What to do |
Take the material below and reproduce, word for word, only the lines from the line with "(\<exists>x\<in>X. \<exists>y\<in>X. x" through the line with "real (size Y) *".

BEGIN

(* Let $X\subset\mathbb{R}^2$ be a finite set and let $w$ be a point in the interior of $\mathrm{conv}(X)$ which lies on a vertex or an edge of the farthest point Voronoi diagram of $X$. Then there exists a finite collection of points $X'$ such that $\mathrm{conv}(X)$ and $\mathrm{conv}(X')$ have the same extreme points and the quadratic min-power centre of $X'$ is $w$.
   Context: For a finite collection $Y=\{y_j:j\in J\}$ of points in the plane, its quadratic min-power centre is the unique minimiser of $P(s)=\sum_{j\in J}\|s-y_j\|^2+\max_{j\in J}\|s-y_j\|^2$. The farthest point Voronoi diagram of $X$ partitions the plane into the regions $V(x)=\{s:\|s-x\|=\max_{y\in X}\|s-y\|\}$, $x\in X$; its edges and vertices are the one- and zero-dimensional parts of the boundaries between these regions. In this paper a collection of nodes may contain coincident points (several nodes at the same location, each counted in the sum). *)

theory Defs
  imports "HOL-Analysis.Analysis" "HOL-Library.Multiset"
begin

text \<open>A collection of nodes (possibly with coincident points) is a multiset of points.\<close>

definition qpower :: "(real^2) multiset \<Rightarrow> real^2 \<Rightarrow> real" where
  "qpower Y s = (\<Sum>y\<in>#Y. (dist s y)^2) + Max ((\<lambda>y. (dist s y)^2) ` set_mset Y)"

definition is_qmin_power_centre :: "(real^2) multiset \<Rightarrow> real^2 \<Rightarrow> bool" where
  "is_qmin_power_centre Y w \<longleftrightarrow>
     (\<forall>s. qpower Y w \<le> qpower Y s) \<and> (\<forall>s. qpower Y s = qpower Y w \<longrightarrow> s = w)"

definition fpv_region :: "(real^2) set \<Rightarrow> real^2 \<Rightarrow> (real^2) set" where
  "fpv_region X x = {s. dist s x = Max ((\<lambda>y. dist s y) ` X)}"

text \<open>Points lying on a vertex or an edge of the farthest point Voronoi diagram:
  points on the common boundary of two distinct regions.\<close>
definition on_fpvd_skeleton :: "(real^2) set \<Rightarrow> real^2 \<Rightarrow> bool" where
  "on_fpvd_skeleton X w \<longleftrightarrow>
     (\<exists>x\<in>X. \<exists>y\<in>X. x \<noteq> y \<and> w \<in> fpv_region X x \<and> w \<in> fpv_region X y)"

end

theory Submission
  imports Defs
begin

text \<open>Pick a node \<open>x\<^sub>0\<close> of \<open>X\<close> farthest from \<open>w\<close> and add \<open>m\<close> copies of a point \<open>q\<close> close
  enough to \<open>w\<close> to lie in \<open>conv X\<close>, so that the extreme points do not change; \<open>q\<close> is chosen
  such that \<open>\<Sum>\<^sub>y (w - y) = x\<^sub>0 - w\<close> over the new collection. Then the sum of squared distances
  at \<open>s\<close> is its value at \<open>w\<close> plus \<open>2 (s - w)\<cdot>(x\<^sub>0 - w) + n |s - w|\<^sup>2\<close>, while the maximum term is
  at least \<open>|s - x\<^sub>0|\<^sup>2 = |w - x\<^sub>0|\<^sup>2 - 2 (s - w)\<cdot>(x\<^sub>0 - w) + |s - w|\<^sup>2\<close>, with equality at \<open>w\<close>. The
  linear terms cancel, so the power exceeds its value at \<open>w\<close> by at least \<open>(n + 1) |s - w|\<^sup>2\<close>.\<close>

lemma dist_power2_recentre:
  fixes s w y :: "'a::real_inner"
  shows "(dist s y)\<^sup>2 = (dist w y)\<^sup>2 + 2 * ((s - w) \<bullet> (w - y)) + (dist s w)\<^sup>2"
proof -
  have "s - y = (s - w) + (w - y)" by simp
  then have "(dist s y)\<^sup>2 = ((s - w) + (w - y)) \<bullet> ((s - w) + (w - y))"
    by (simp add: dist_norm power2_norm_eq_inner)
  also have "\<dots> = (s - w) \<bullet> (s - w) + 2 * ((s - w) \<bullet> (w - y)) + (w - y) \<bullet> (w - y)"
    unfolding inner_add_left inner_add_right by (simp add: inner_commute)
  finally show ?thesis
    by (simp add: dist_norm power2_norm_eq_inner)
qed

lemma sum_mset_dist_power2_recentre:
  fixes Y :: "'a::real_inner multiset"
  shows "(\<Sum>y\<in>#Y. (dist s y)\<^sup>2) =
           (\<Sum>y\<in>#Y. (dist w y)\<^sup>2) + 2 * ((s - w) \<bullet> (\<Sum>y\<in>#Y. w - y))
           + real (size Y) * (dist s w)\<^sup>2"
proof (induction Y)
  case (add y Y)
  have "(\<Sum>z\<in>#add_mset y Y. (dist s z)\<^sup>2) = (dist s y)\<^sup>2 + (\<Sum>z\<in>#Y. (dist s z)\<^sup>2)"
    by simp
  also have "\<dots> = (dist w y)\<^sup>2 + (\<Sum>z\<in>#Y. (dist w z)\<^sup>2)
      + 2 * ((s - w) \<bullet> ((w - y) + (\<Sum>z\<in>#Y. w - z))) + (real (size Y) + 1) * (dist s w)\<^sup>2"
    unfolding add.IH dist_power2_recentre[of s y w] inner_add_right by (simp add: algebra_simps)
  finally show ?case by simp
qed simp

lemma qpower_ge_if_balanced:
  fixes Y :: "(real^2) multiset"
  assumes "x\<^sub>0 \<in># Y"
    and farthest: "\<And>y. y \<in># Y \<Longrightarrow> dist w y \<le> dist w x\<^sub>0"
    and balanced: "(\<Sum>y\<in>#Y. w - y) = x\<^sub>0 - w"
  shows "qpower Y s \<ge> qpower Y w + real (size Y + 1) * (dist s w)\<^sup>2"
proof -
  have max_w: "Max ((\<lambda>y. (dist w y)\<^sup>2) ` set_mset Y) = (dist w x\<^sub>0)\<^sup>2"
    using assms(1) farthest by (intro Max_eqI) (auto intro: power_mono)
  have max_s: "Max ((\<lambda>y. (dist s y)\<^sup>2) ` set_mset Y) \<ge> (dist s x\<^sub>0)\<^sup>2"
    using assms(1) by (intro Max_ge) auto
  have "(s - w) \<bullet> (w - x\<^sub>0) = - ((s - w) \<bullet> (x\<^sub>0 - w))"
    by (metis inner_minus_right minus_diff_eq)
  then have far_s: "(dist s x\<^sub>0)\<^sup>2 = (dist w x\<^sub>0)\<^sup>2 - 2 * ((s - w) \<bullet> (x\<^sub>0 - w)) + (dist s w)\<^sup>2"
    using dist_power2_recentre[of s x\<^sub>0 w] by simp
  have "qpower Y s \<ge> (\<Sum>y\<in>#Y. (dist s y)\<^sup>2) + (dist s x\<^sub>0)\<^sup>2"
    unfolding qpower_def using max_s by linarith
  moreover have "qpower Y w = (\<Sum>y\<in>#Y. (dist w y)\<^sup>2) + (dist w x\<^sub>0)\<^sup>2"
    unfolding qpower_def max_w ..
  ultimately show ?thesis
    unfolding sum_mset_dist_power2_recentre[of s Y w] balanced far_s by (simp add: algebra_simps)
qed

lemma is_qmin_power_centre_if_balanced:
  fixes Y :: "(real^2) multiset"
  assumes "x\<^sub>0 \<in># Y"
    and "\<And>y. y \<in># Y \<Longrightarrow> dist w y \<le> dist w x\<^sub>0"
    and "(\<Sum>y\<in>#Y. w - y) = x\<^sub>0 - w"
  shows "is_qmin_power_centre Y w"
  unfolding is_qmin_power_centre_def
proof (intro conjI allI impI)
  fix s
  have "real (size Y + 1) * (dist s w)\<^sup>2 \<ge> 0" by simp
  then show "qpower Y w \<le> qpower Y s"
    using qpower_ge_if_balanced[OF assms, of s] by linarith
next
  fix s
  assume "qpower Y s = qpower Y w"
  then have "real (size Y + 1) * (dist s w)\<^sup>2 \<le> 0"
    using qpower_ge_if_balanced[OF assms, of s] by linarith
  then show "s = w"
    by (simp add: mult_le_0_iff)
qed

lemma interior_obtain_scaled_diff:
  fixes w v :: "'a::real_normed_vector"
  assumes "w \<in> interior S"
  obtains m :: nat and q where "m > 0" "q \<in> S" "real m *\<^sub>R (w - q) = v"
proof -
  obtain r where "r > 0" "ball w r \<subseteq> interior S"
    using assms open_contains_ball open_interior by blast
  then have "ball w r \<subseteq> S"
    using interior_subset by blast
  obtain m :: nat where m: "norm v / r < real m"
    using reals_Archimedean2 by blast
  with \<open>r > 0\<close> have "m > 0"
    by (cases "m = 0") (auto simp: divide_less_0_iff)
  define q where "q = w - (1 / real m) *\<^sub>R v"
  have "dist w q = norm v / real m"
    unfolding q_def dist_norm using \<open>m > 0\<close> by simp
  also have "\<dots> < r"
    using m \<open>m > 0\<close> \<open>r > 0\<close> by (simp add: divide_less_eq mult.commute pos_divide_less_eq)
  finally have "q \<in> S"
    using \<open>ball w r \<subseteq> S\<close> by auto
  moreover have "real m *\<^sub>R (w - q) = v"
    unfolding q_def using \<open>m > 0\<close> by simp
  ultimately show thesis
    using \<open>m > 0\<close> that by blast
qed

lemma convex_hull_subset_cball_farthest:
  fixes X :: "'a::real_normed_vector set"
  assumes "finite X" "X \<noteq> {}"
  obtains x\<^sub>0 where "x\<^sub>0 \<in> X" "convex hull X \<subseteq> cball w (dist w x\<^sub>0)"
proof -
  have "Max (dist w ` X) \<in> dist w ` X"
    using assms by simp
  then obtain x\<^sub>0 where "x\<^sub>0 \<in> X" "dist w x\<^sub>0 = Max (dist w ` X)"
    by auto
  with assms(1) have "X \<subseteq> cball w (dist w x\<^sub>0)"
    by auto
  then have "convex hull X \<subseteq> cball w (dist w x\<^sub>0)"
    by (simp add: convex_cball hull_minimal)
  with \<open>x\<^sub>0 \<in> X\<close> show thesis using that by blast
qed

theorem proposition4:
  fixes X :: "(real^2) set" and w :: "real^2"
  assumes "finite X"
    and "w \<in> interior (convex hull X)"
    and "on_fpvd_skeleton X w"
  shows "\<exists>X' :: (real^2) multiset.
           {p. p extreme_point_of (convex hull X)} =
             {p. p extreme_point_of (convex hull (set_mset X'))}
           \<and> is_qmin_power_centre X' w"
proof -
  have "X \<noteq> {}" using assms(2) by auto
  then obtain x\<^sub>0 where "x\<^sub>0 \<in> X" and hull_cball: "convex hull X \<subseteq> cball w (dist w x\<^sub>0)"
    using convex_hull_subset_cball_farthest[OF assms(1)] by blast
  obtain m :: nat and q where "m > 0" "q \<in> convex hull X"
    and q: "real m *\<^sub>R (w - q) = (x\<^sub>0 - w) - (\<Sum>y\<in>X. w - y)"
    using interior_obtain_scaled_diff[OF assms(2)] by blast
  define X' where "X' = mset_set X + replicate_mset m q"
  have set_X': "set_mset X' = insert q X"
    unfolding X'_def using assms(1) \<open>m > 0\<close> by auto
  have "convex hull (set_mset X') = convex hull X"
    unfolding set_X' using \<open>q \<in> convex hull X\<close> by (rule hull_redundant)
  moreover have "is_qmin_power_centre X' w"
  proof (rule is_qmin_power_centre_if_balanced)
    show "x\<^sub>0 \<in># X'" using set_X' \<open>x\<^sub>0 \<in> X\<close> by simp
    show "dist w y \<le> dist w x\<^sub>0" if "y \<in># X'" for y
    proof -
      have "y \<in> convex hull X"
        using that \<open>q \<in> convex hull X\<close> hull_subset[of X convex] unfolding set_X' by blast
      then show ?thesis
        using hull_cball by (simp add: subset_iff)
    qed
    have "(\<Sum>y\<in>#X'. w - y) = (\<Sum>y\<in>X. w - y) + real m *\<^sub>R (w - q)"
      unfolding X'_def using assms(1) by (simp add: sum_unfold_sum_mset scaleR_conv_of_real)
    then show "(\<Sum>y\<in>#X'. w - y) = x\<^sub>0 - w"
      unfolding q by simp
  qed
  ultimately show ?thesis by (intro exI[of _ X']) simp
qed

end
lemma route_oriented:
  "is_route E s t p \<Longrightarrow> route_arcs p \<subseteq> clockwise \<or> route_arcs p \<subseteq> clockwise\<inverse>"
  using route_arcs_oriented[OF single_valued_clockwise single_valued_counterclockwise]
  unfolding is_route_iff darcs_cycle by blast

end

(* Then
   cost_A(F2) <= cost_A(F1) <= cost_B(F1) <= cost_B(F2) <= cost_A(F2) collapses, and strict
   monotonicity of the arc costs forces F1 = F2 on A. *)
lemma equal_loads_from_cost_sandwich:
  fixes g :: "'a \<Rightarrow> real \<Rightarrow> real" and F1 F2 :: "'a \<Rightarrow> real"
  assumes "finite A"
    and strict: "\<And>a. a \<in> A \<union> B \<Longrightarrow> strict_mono_on {0..} (g a)"
    and nonneg: "\<And>a. a \<in> A \<union> B \<Longrightarrow> 0 \<le> F1 a \<and> 0 \<le> F2 a"
    and up_on_A: "\<And>a. a \<in> A \<Longrightarrow> F2 a \<le> F1 a"
    and down_on_B: "\<And>a. a \<in> B \<Longrightarrow> F1 a \<le> F2 a"
    and opt1: "(\<Sum>a\<in>A. g a (F1 a)) \<le> (\<Sum>a\<in>B. g a (F1 a))"
    and opt2: "(\<Sum>a\<in>B. g a (F2 a)) \<le> (\<Sum>a\<in>A. g a (F2 a))"
    and a: "a \<in> A"
  shows "F1 a = F2 a"
proof (rule ccontr)
  have mono: "g b u \<le> g b v" if "b \<in> A \<union> B" "0 \<le> u" "u \<le> v" for b u v
    using strict_mono_on_leD[OF strict[OF that(1)]] that by auto
  assume "F1 a \<noteq> F2 a"
  then have "g a (F2 a) < g a (F1 a)"
    using up_on_A[OF a] nonneg[of a] a strict_mono_onD[OF strict] by force
  then have "(\<Sum>b\<in>A. g b (F2 b)) < (\<Sum>b\<in>A. g b (F1 b))"
    using \<open>finite A\<close> a up_on_A nonneg mono by (intro sum_strict_mono_ex1) auto
  also have "\<dots> \<le> (\<Sum>b\<in>B. g b (F1 b))" by (rule opt1)
  also have "\<dots> \<le> (\<Sum>b\<in>B. g b (F2 b))"
    using down_on_B nonneg mono by (intro sum_mono) auto
  also have "\<dots> \<le> (\<Sum>b\<in>A. g b (F2 b))" by (rule opt2)
  finally show False by simp
qed

lemma Union_unique_image:
  assumes "P p" and "\<And>q. P q \<Longrightarrow> q = p"
  shows "\<Union>{g q | q. P q} = g p"
proof -
  have "{g q | q. P q} = {g p}" using assms by blast
  then show ?thesis by simp
qed

locale cycle_game = cycle_graph V E n f for V :: "'v set" and E n f +
  fixes I :: "real set" and L :: "('v \<times> 'v) set" and od :: "real \<Rightarrow> 'v \<times> 'v"
    and c :: "real \<Rightarrow> ('v \<times> 'v) \<Rightarrow> real \<Rightarrow> real"
  assumes bounded_users: "bounded I"
    and partition: "valid_partition L I od"
    and costs: "valid_costs E I c"
    and finite_pairs: "finite L"
    and loopless: "\<And>s t. (s, t) \<in> L \<Longrightarrow> s \<noteq> t"
begin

END

Task response |
     (\<exists>x\<in>X. \<exists>y\<in>X. x \<noteq> y \<and> w \<in> fpv_region X x \<and> w \<in> fpv_region X y)"

end

theory Submission
  imports Defs
begin

text \<open>Pick a node \<open>x\<^sub>0\<close> of \<open>X\<close> farthest from \<open>w\<close> and add \<open>m\<close> copies of a point \<open>q\<close> close
  enough to \<open>w\<close> to lie in \<open>conv X\<close>, so that the extreme points do not change; \<open>q\<close> is chosen
  such that \<open>\<Sum>\<^sub>y (w - y) = x\<^sub>0 - w\<close> over the new collection. Then the sum of squared distances
  at \<open>s\<close> is its value at \<open>w\<close> plus \<open>2 (s - w)\<cdot>(x\<^sub>0 - w) + n |s - w|\<^sup>2\<close>, while the maximum term is
  at least \<open>|s - x\<^sub>0|\<^sup>2 = |w - x\<^sub>0|\<^sup>2 - 2 (s - w)\<cdot>(x\<^sub>0 - w) + |s - w|\<^sup>2\<close>, with equality at \<open>w\<close>. The
  linear terms cancel, so the power exceeds its value at \<open>w\<close> by at least \<open>(n + 1) |s - w|\<^sup>2\<close>.\<close>

lemma dist_power2_recentre:
  fixes s w y :: "'a::real_inner"
  shows "(dist s y)\<^sup>2 = (dist w y)\<^sup>2 + 2 * ((s - w) \<bullet> (w - y)) + (dist s w)\<^sup>2"
proof -
  have "s - y = (s - w) + (w - y)" by simp
  then have "(dist s y)\<^sup>2 = ((s - w) + (w - y)) \<bullet> ((s - w) + (w - y))"
    by (simp add: dist_norm power2_norm_eq_inner)
  also have "\<dots> = (s - w) \<bullet> (s - w) + 2 * ((s - w) \<bullet> (w - y)) + (w - y) \<bullet> (w - y)"
    unfolding inner_add_left inner_add_right by (simp add: inner_commute)
  finally show ?thesis
    by (simp add: dist_norm power2_norm_eq_inner)
qed

lemma sum_mset_dist_power2_recentre:
  fixes Y :: "'a::real_inner multiset"
  shows "(\<Sum>y\<in>#Y. (dist s y)\<^sup>2) =
           (\<Sum>y\<in>#Y. (dist w y)\<^sup>2) + 2 * ((s - w) \<bullet> (\<Sum>y\<in>#Y. w - y))
           + real (size Y) * (dist s w)\<^sup>2"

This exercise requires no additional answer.